Just a few years back 18-year old Janet was on the brink of suicide – today she is part of a youth group, working with children and young people traumatised by the 20 years of conflict between the Lord’s Resistance Army and the Ugandan Government.
At the age of nine, Janet suffered the same inconceivable fate as hundreds of other children in the area, when she was abducted by LRA rebels and taken to Sudan. Today, she calmly recounts the terror of the seven years she spent in Sudan, detailing incidents simply too horrific to repeat in writing. Suffice it to say it is a wonder of human strength and survival instinct that Janet is here today, overcoming what she has been trough.

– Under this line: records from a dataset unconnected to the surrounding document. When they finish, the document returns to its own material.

lemma dual_norm_eq_if_section:
  assumes proj: "\<And>s. s \<in> S \<Longrightarrow> \<pi> s \<in> T \<and> m (\<pi> s) \<le> n s"
    and emb: "\<And>t. t \<in> T \<Longrightarrow> \<iota> t \<in> S \<and> n (\<iota> t) \<le> m t \<and> \<pi> (\<iota> t) = t"
  shows "dual_norm S n (\<lambda>s. f (\<pi> s)) = dual_norm T m f"
proof -
  have "{\<bar>f (\<pi> s)\<bar> | s. s \<in> S \<and> n s \<le> 1} = {\<bar>f t\<bar> | t. t \<in> T \<and> m t \<le> 1}"
  proof (intro equalityI subsetI)
    fix r
    assume "r \<in> {\<bar>f (\<pi> s)\<bar> | s. s \<in> S \<and> n s \<le> 1}"
    then show "r \<in> {\<bar>f t\<bar> | t. t \<in> T \<and> m t \<le> 1}" using proj by fastforce
  next
    fix r
    assume "r \<in> {\<bar>f t\<bar> | t. t \<in> T \<and> m t \<le> 1}"
    then obtain t where "t \<in> T" "m t \<le> 1" "r = \<bar>f t\<bar>" by blast
    then show "r \<in> {\<bar>f (\<pi> s)\<bar> | s. s \<in> S \<and> n s \<le> 1}"
      using emb[of t] by (metis (mono_tags, lifting) mem_Collect_eq order_trans)
  qed
  then show ?thesis unfolding dual_norm_def by simp
qed

lemma onorm_eq_dual_norm:
  fixes f :: "'a::real_normed_vector \<Rightarrow> real"
  assumes f: "bounded_linear f"
  shows "onorm f = dual_norm UNIV norm f"
proof (rule antisym)
  have lin: "linear_on UNIV f" using bounded_linear.linear[OF f] by (rule linear_imp_linear_on)
  have bound: "\<forall>x\<in>UNIV. \<bar>f x\<bar> \<le> onorm f * norm x" using onorm[OF f] by simp
  show "onorm f \<le> dual_norm UNIV norm f"
    using dual_norm_nonneg[OF subspace_UNIV is_norm_on_norm bound]
      dual_norm_bound[OF subspace_UNIV is_norm_on_norm lin bound]
    by (intro onorm_bound) auto
  show "dual_norm UNIV norm f \<le> onorm f"
    by (rule dual_norm_le[OF subspace_UNIV is_norm_on_norm bound onorm_pos_le[OF f]])
qed

section \<open>The generalized \<open>l\<^sup>2\<close>-sum\<close>

lemma mem_LambdaSet: "(xs, yss, \<alpha>) \<in> LambdaSet Y ny N \<longleftrightarrow>
      bounded_linear xs \<and>
      (\<forall>k. bounded_functional_on (Y k) (ny k) (yss k)) \<and>
      (\<forall>k. dual_norm (UNIV \<times> Y k) (N k) (\<lambda>(x, y). xs x + yss k y) \<le> 1) \<and>
      (\<forall>k. 0 \<le> \<alpha> k \<and> \<alpha> k \<le> 1) \<and>
      summable (\<lambda>k. (\<alpha> k)\<^sup>2) \<and> (\<Sum>k. (\<alpha> k)\<^sup>2) \<le> 1"
  unfolding LambdaSet_def by simp

lemma mem_SigmaSp: "(x, zs) \<in> SigmaSp Y ny \<longleftrightarrow> (\<forall>k. zs k \<in> Y k) \<and> summable (\<lambda>k. (ny k (zs k))\<^sup>2)"
  unfolding SigmaSp_def by simp
(* Let $G$ be a countable discrete group, $m$ a probability measure on $G$, and $(X,\mu)$ a standard probability space. If $a,b\in\mathrm{Stat}(G,m,X,\mu)$ are weakly equivalent ($a\sim b$), then their Furstenberg entropies coincide: $h_m(X,\mu,a)=h_m(X,\mu,b)$.
   Context: A measurable action $a$ of $G$ on $(X,\mu)$ is $m$-stationary if $\sum_{g\in G} m(g)\,\mu(g^aA)=\mu(A)$ for every measurable $A\subseteq X$, where $g^a$ denotes the (nonsingular) transformation by which $g$ acts in $a$. $\mathrm{Stat}(G,m,X,\mu)$ is the set of such actions. For $a,b\in\mathrm{Stat}(G,m,X,\mu)$, $a\preceq b$ means: for every $\epsilon>0$, finite $F\subseteq G$ and measurable $A_1,\ldots,A_n\subseteq X$ there are measurable $B_1,\ldots,B_n\subseteq X$ with $|\mu(g^aA_i\cap A_j)-\mu(g^bB_i\cap B_j)|<\epsilon$ for all $g\in F$, $i,j\le n$; and $a\sim b$ means $a\preceq b$ and $b\preceq a$. For $g\in G$ let $g^a\mu$ denote the measure $A\mapsto\mu(g^aA)$ (absolutely continuous w.r.t. $\mu$). The Furstenberg entropy is $h_m(X,\mu,a)=-\sum_{g\in G}m(g)\int_X\log\frac{d g^a\mu}{d\mu}(x)\,d\mu(x)\in[0,\infty]$. *)

theory Defs
  imports "HOL-Probability.Probability"
begin

text \<open>
  The countable discrete group G is a type 'g of class group_add
  (a not necessarily commutative group, written additively: + is the group
  product, 0 the identity, uminus the inverse) and of class countable.
  A measurable action a assigns to g the measurable map a g : X -> X, with
  a 0 = id and a (g + h) = a g o a h; the transformation g^a is a g.
\<close>

definition standard_prob_space :: "'x::polish_space measure \<Rightarrow> bool" where
  "standard_prob_space M \<longleftrightarrow> sets M = sets (borel :: 'x measure) \<and> prob_space M"

text \<open>The measure g^a mu : A \<mapsto> mu(g^a A).  Since a g is a bijection with
  measurable inverse a (-g), we have g^a A = (a (-g))^{-1} A, so this is the
  push-forward of mu under a (-g).\<close>
definition act_measure :: "'x measure \<Rightarrow> ('g::group_add \<Rightarrow> 'x \<Rightarrow> 'x) \<Rightarrow> 'g \<Rightarrow> 'x measure" where
  "act_measure M a g = distr M M (a (- g))"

A few years back, when the rebels went into the camps in Sudan to loot for food, Janet managed to escape and sought refuge with an LC in the Pader district who initially took her in. But his intentions quickly turned out to be anything but honourable, when he started sexually assaulting her, and in May 2007, Janet escaped another devastating situation for the second time in her young life, but this time a woman working for a local NGO took her to a rehabilitation centre. Whilst here, Janet was sending letters back home, trying to track down her parents, but nobody came for her and eventually she returned to her village where more shattering news awaited her.
Both parents had been killed by the rebels, news that left Janet with no strength remaining, her only thought to commit suicide to end the suffering and follow her parents. Janet’s salvation came in the form of a local youth group working at community level, offering emotional support to the many children and youths in the area whose lives have been wrecked by the conflict.
Members of the youth group continually receive advice and support from TPO staff on how to identify and counsel child victims, and offered Janet what no one had done in the past; emotional support to work through and eventually overcome her trauma.
Today Janet is an active member of the youth group, and has turned her dark past and experiences around to help other girls in similar situations. When I share my admiration for this immense effort and remarkable survivor instinct, she nods silently in agreement, then adds; “mostly it feels like an illusion….like a nightmare. I feel like I’ve been touched by the devil.”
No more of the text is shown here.